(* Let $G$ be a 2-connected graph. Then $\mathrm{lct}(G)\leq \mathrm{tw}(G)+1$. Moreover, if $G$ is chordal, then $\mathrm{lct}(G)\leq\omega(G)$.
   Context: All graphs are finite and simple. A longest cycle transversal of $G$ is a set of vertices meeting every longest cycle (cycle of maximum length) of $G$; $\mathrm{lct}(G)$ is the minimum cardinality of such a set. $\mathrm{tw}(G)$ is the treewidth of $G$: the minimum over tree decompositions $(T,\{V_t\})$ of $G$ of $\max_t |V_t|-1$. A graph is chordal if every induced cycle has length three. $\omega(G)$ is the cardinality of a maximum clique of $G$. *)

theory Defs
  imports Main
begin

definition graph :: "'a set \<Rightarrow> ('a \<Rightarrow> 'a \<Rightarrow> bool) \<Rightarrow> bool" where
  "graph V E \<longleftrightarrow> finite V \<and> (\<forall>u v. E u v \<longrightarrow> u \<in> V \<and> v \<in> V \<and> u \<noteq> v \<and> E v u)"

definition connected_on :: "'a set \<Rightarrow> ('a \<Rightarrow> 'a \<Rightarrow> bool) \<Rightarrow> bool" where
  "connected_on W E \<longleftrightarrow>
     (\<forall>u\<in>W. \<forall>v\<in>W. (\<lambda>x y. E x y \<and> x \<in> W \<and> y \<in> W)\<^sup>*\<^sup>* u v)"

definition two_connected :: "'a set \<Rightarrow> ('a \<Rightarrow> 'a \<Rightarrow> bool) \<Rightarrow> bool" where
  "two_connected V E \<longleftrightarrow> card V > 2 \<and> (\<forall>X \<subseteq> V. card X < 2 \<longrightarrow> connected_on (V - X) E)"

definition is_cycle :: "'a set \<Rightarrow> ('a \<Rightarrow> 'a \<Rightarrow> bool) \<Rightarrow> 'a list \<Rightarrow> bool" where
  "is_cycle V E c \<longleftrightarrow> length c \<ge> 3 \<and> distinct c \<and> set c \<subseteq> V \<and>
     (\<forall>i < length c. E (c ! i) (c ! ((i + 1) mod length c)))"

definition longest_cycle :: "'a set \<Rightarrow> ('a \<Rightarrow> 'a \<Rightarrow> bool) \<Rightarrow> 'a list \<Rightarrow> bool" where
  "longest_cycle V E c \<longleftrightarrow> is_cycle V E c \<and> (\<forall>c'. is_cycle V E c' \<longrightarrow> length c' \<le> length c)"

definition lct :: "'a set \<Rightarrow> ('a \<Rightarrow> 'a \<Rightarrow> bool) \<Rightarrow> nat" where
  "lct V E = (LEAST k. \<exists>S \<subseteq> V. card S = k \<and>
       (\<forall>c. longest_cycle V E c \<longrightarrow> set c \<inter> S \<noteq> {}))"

--

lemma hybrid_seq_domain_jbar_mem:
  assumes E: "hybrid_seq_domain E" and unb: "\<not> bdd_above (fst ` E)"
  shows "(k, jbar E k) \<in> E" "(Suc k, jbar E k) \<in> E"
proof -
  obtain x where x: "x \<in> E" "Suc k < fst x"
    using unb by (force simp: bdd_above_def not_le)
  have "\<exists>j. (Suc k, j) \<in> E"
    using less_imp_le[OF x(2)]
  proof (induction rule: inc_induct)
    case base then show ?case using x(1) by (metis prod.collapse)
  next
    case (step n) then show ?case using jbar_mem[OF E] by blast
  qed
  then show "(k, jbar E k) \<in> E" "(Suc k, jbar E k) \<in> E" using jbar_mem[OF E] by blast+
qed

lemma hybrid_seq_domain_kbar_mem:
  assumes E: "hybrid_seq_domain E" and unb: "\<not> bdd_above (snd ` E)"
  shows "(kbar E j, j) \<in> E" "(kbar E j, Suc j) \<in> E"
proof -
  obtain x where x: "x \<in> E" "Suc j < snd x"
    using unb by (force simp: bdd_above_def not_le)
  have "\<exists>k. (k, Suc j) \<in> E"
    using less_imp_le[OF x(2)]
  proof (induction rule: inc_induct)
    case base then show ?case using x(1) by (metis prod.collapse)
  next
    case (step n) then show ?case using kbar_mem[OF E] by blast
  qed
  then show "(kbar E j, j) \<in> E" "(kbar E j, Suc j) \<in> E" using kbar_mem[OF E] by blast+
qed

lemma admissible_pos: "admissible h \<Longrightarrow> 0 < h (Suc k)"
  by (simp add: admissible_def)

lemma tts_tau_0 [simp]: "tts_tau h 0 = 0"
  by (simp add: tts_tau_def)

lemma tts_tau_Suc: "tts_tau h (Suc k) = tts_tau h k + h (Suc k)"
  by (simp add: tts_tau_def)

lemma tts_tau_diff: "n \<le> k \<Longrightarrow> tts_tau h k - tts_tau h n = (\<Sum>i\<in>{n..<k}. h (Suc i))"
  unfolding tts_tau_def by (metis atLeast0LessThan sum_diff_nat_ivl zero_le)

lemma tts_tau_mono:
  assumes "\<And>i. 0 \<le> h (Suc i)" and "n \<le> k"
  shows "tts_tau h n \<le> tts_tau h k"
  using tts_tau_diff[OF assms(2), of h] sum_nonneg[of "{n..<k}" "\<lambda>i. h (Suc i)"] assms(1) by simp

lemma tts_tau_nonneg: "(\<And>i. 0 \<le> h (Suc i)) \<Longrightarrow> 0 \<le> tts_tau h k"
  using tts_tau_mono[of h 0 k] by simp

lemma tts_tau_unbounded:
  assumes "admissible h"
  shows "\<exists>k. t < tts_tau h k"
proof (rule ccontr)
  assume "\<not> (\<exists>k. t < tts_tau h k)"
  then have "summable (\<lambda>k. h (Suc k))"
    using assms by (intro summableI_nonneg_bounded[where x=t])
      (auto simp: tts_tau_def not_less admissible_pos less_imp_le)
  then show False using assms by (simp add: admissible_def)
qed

• What you are asked to do
Using only the entries above, output the line with "n \<le> tts_tau", the line with "using tts_tau_mono[of h 0 k] by simp", and all lines between them, exactly as they stand.

• Answer section
  shows "tts_tau h n \<le> tts_tau h k"
  using tts_tau_diff[OF assms(2), of h] sum_nonneg[of "{n..<k}" "\<lambda>i. h (Suc i)"] assms(1) by simp

lemma tts_tau_nonneg: "(\<And>i. 0 \<le> h (Suc i)) \<Longrightarrow> 0 \<le> tts_tau h k"
  using tts_tau_mono[of h 0 k] by simp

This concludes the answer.